* [Work task]: "orthonormal_cols_hcatD(1)[OF dims(2,5) svd(4)]" appears in one line; retype that line and all lines following it through the end of the records, with nothing left out or added.

————

lemma mat_has_deriv_cmat:
  assumes S: "\<And>s. S s \<in> carrier_mat a b" and dS: "mat_has_deriv S D t"
  shows "mat_has_deriv (\<lambda>s. cmat (S s)) (cmat D) t"
  unfolding mat_has_deriv_def
proof (intro conjI allI impI)
  have D: "D \<in> carrier_mat a b"
    using mat_has_deriv_carrier dS S by blast
  fix i j assume "i < dim_row (cmat (S t))" "j < dim_col (cmat (S t))"
  then have ij: "i < a" "j < b"
    using S[of t] by (auto simp: cmat_def)
  have entry: "cmat (S s) $$ (i, j) = of_real (S s $$ (i, j))" for s
    using S[of s] ij by (auto simp: cmat_def)
  show "((\<lambda>s. cmat (S s) $$ (i, j)) has_vector_derivative cmat D $$ (i, j)) (at t)"
    unfolding entry using D S[of t] ij dS unfolding mat_has_deriv_def
    by (auto simp: cmat_def has_real_derivative_iff_has_vector_derivative
        intro!: has_vector_derivative_of_real)
qed (use S[of t] mat_has_deriv_carrier[OF dS S] in \<open>auto simp: cmat_def\<close>)

lemma mat_has_deriv_product_eq:
  fixes F G H K :: "real \<Rightarrow> complex mat"
  assumes eq: "\<And>s. F s * G s = H s * K s"
    and c: "\<And>s. F s \<in> carrier_mat n k" "\<And>s. G s \<in> carrier_mat k p"
      "\<And>s. H s \<in> carrier_mat n l" "\<And>s. K s \<in> carrier_mat l p"
    and d: "mat_has_deriv F DF t" "mat_has_deriv G DG t" "mat_has_deriv H DH t" "mat_has_deriv K DK t"
  shows "DF * G t + F t * DG = DH * K t + H t * DK"
  using mat_has_deriv_mult[OF c(1,2) d(1,2)] mat_has_deriv_mult[OF c(3,4) d(3,4)]
  unfolding eq by (rule mat_has_deriv_unique)

theorem mainTheorem7:
  fixes n m r t :: nat
    and A U V Up Vp :: "real \<Rightarrow> complex mat"
    and S Sp :: "real \<Rightarrow> real mat"
    and dA dU dV :: "real \<Rightarrow> complex mat"
    and \<tau> :: real
  assumes "n \<ge> 1" "m \<ge> 1" "r = min n m" "1 \<le> t" "t < r"
    and dims: "\<And>s. A s \<in> carrier_mat n m" "\<And>s. U s \<in> carrier_mat n t"
      "\<And>s. S s \<in> carrier_mat t t" "\<And>s. V s \<in> carrier_mat m t"
      "\<And>s. Up s \<in> carrier_mat n (r - t)" "\<And>s. Sp s \<in> carrier_mat (r - t) (r - t)"
      "\<And>s. Vp s \<in> carrier_mat m (r - t)"
    and svd: "\<And>s. A s = U s * cmat (S s) * mat_adjoint (V s)
                       + Up s * cmat (Sp s) * mat_adjoint (Vp s)"
      "\<And>s. nonneg_diag (S s)" "\<And>s. nonneg_diag (Sp s)"
      "\<And>s. orthonormal_cols (hcat (U s) (Up s))"
      "\<And>s. orthonormal_cols (hcat (V s) (Vp s))"
    and deriv: "\<And>s. mat_has_deriv A (dA s) s" "\<And>s. mat_has_deriv U (dU s) s"
      "\<And>s. mat_has_deriv V (dV s) s" "\<And>s. mat_differentiable S s"
      "\<And>s. mat_differentiable Up s" "\<And>s. mat_differentiable Sp s"
      "\<And>s. mat_differentiable Vp s"
    and nm: "n \<le> m"
    and pos: "\<And>k. k < t \<Longrightarrow> S \<tau> $$ (k,k) > 0"
  shows "let dU2 = (1\<^sub>m n - U \<tau> * mat_adjoint (U \<tau>)) * dU \<tau>;
             dV2 = (1\<^sub>m m - V \<tau> * mat_adjoint (V \<tau>)) * dV \<tau>;
             Sc = cmat (S \<tau>);
             Sinv = the (mat_inverse Sc)
         in dU \<tau> = U \<tau> * (mat_adjoint (U \<tau>) * dU \<tau>) + dU2
          \<and> dV \<tau> = V \<tau> * (mat_adjoint (V \<tau>) * dV \<tau>) + dV2
          \<and> dU2 * (Sc * Sc) - A \<tau> * mat_adjoint (A \<tau>) * dU2
              = (1\<^sub>m n - U \<tau> * mat_adjoint (U \<tau>)) * dA \<tau> * V \<tau> * Sc
                + A \<tau> * (1\<^sub>m m - V \<tau> * mat_adjoint (V \<tau>)) * mat_adjoint (dA \<tau>) * U \<tau>
          \<and> dV2 = (1\<^sub>m m - V \<tau> * mat_adjoint (V \<tau>)) * mat_adjoint (dA \<tau>) * U \<tau> * Sinv
                + mat_adjoint (A \<tau>) * dU2 * Sinv"
proof -
  have Sc: "cmat (S s) \<in> carrier_mat t t" "mat_adjoint (cmat (S s)) = cmat (S s)"
    and Spc: "cmat (Sp s) \<in> carrier_mat (r - t) (r - t)" "mat_adjoint (cmat (Sp s)) = cmat (Sp s)" for s
    using dims(3,6) svd(2,3) mat_adjoint_cmat_diagonal[OF dims(3)] mat_adjoint_cmat_diagonal[OF dims(6)]
    by (auto simp: nonneg_diag_def)
  note rel = svd_singular_vector_relations[OF dims(2) Sc(1) dims(4) dims(5) Spc(1) dims(7)
      svd(1) Sc(2) Spc(2) svd(4,5)]
  obtain DS where DS: "mat_has_deriv S DS \<tau>"
    using deriv(4) unfolding mat_differentiable_def by blast
  note dSc = mat_has_deriv_cmat[OF dims(3) DS]
  have dAV: "dA \<tau> * V \<tau> + A \<tau> * dV \<tau> = dU \<tau> * cmat (S \<tau>) + U \<tau> * cmat DS"
    by (rule mat_has_deriv_product_eq[OF rel(1) dims(1,4) dims(2) Sc(1) deriv(1,3,2) dSc])
  have dAU: "mat_adjoint (dA \<tau>) * U \<tau> + mat_adjoint (A \<tau>) * dU \<tau>
              = dV \<tau> * cmat (S \<tau>) + V \<tau> * cmat DS"
    by (rule mat_has_deriv_product_eq[OF rel(2) _ dims(2,4) Sc(1)
          mat_has_deriv_mat_adjoint[OF deriv(1) dims(1)] deriv(2,3) dSc])
      (use dims(1) in auto)
  have det: "det (cmat (S \<tau>)) \<noteq> 0"
    using svd(2) by (intro det_cmat_diagonal_nonzero[OF dims(3) _ pos[THEN less_imp_neq, symmetric]])
      (simp add: nonneg_diag_def)
  note inv = mat_inverse_right_inverse[OF Sc(1) det]
  show ?thesis
    unfolding Let_def
    using svd_derivative_projections[OF
        dims(1) mat_has_deriv_carrier[OF deriv(1) dims(1)]
        dims(2) mat_has_deriv_carrier[OF deriv(2) dims(2)]
        dims(4) mat_has_deriv_carrier[OF deriv(3) dims(4)]
        Sc(1) mat_has_deriv_carrier[OF dSc Sc(1)] inv(2)
        orthonormal_cols_hcatD(1)[OF dims(2,5) svd(4)] orthonormal_cols_hcatD(1)[OF dims(4,7) svd(5)]
        Sc(2) inv(1) rel dAV dAU]
    by blast
qed

end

————

* [Your response]:
        orthonormal_cols_hcatD(1)[OF dims(2,5) svd(4)] orthonormal_cols_hcatD(1)[OF dims(4,7) svd(5)]
        Sc(2) inv(1) rel dAV dAU]
    by blast
qed

end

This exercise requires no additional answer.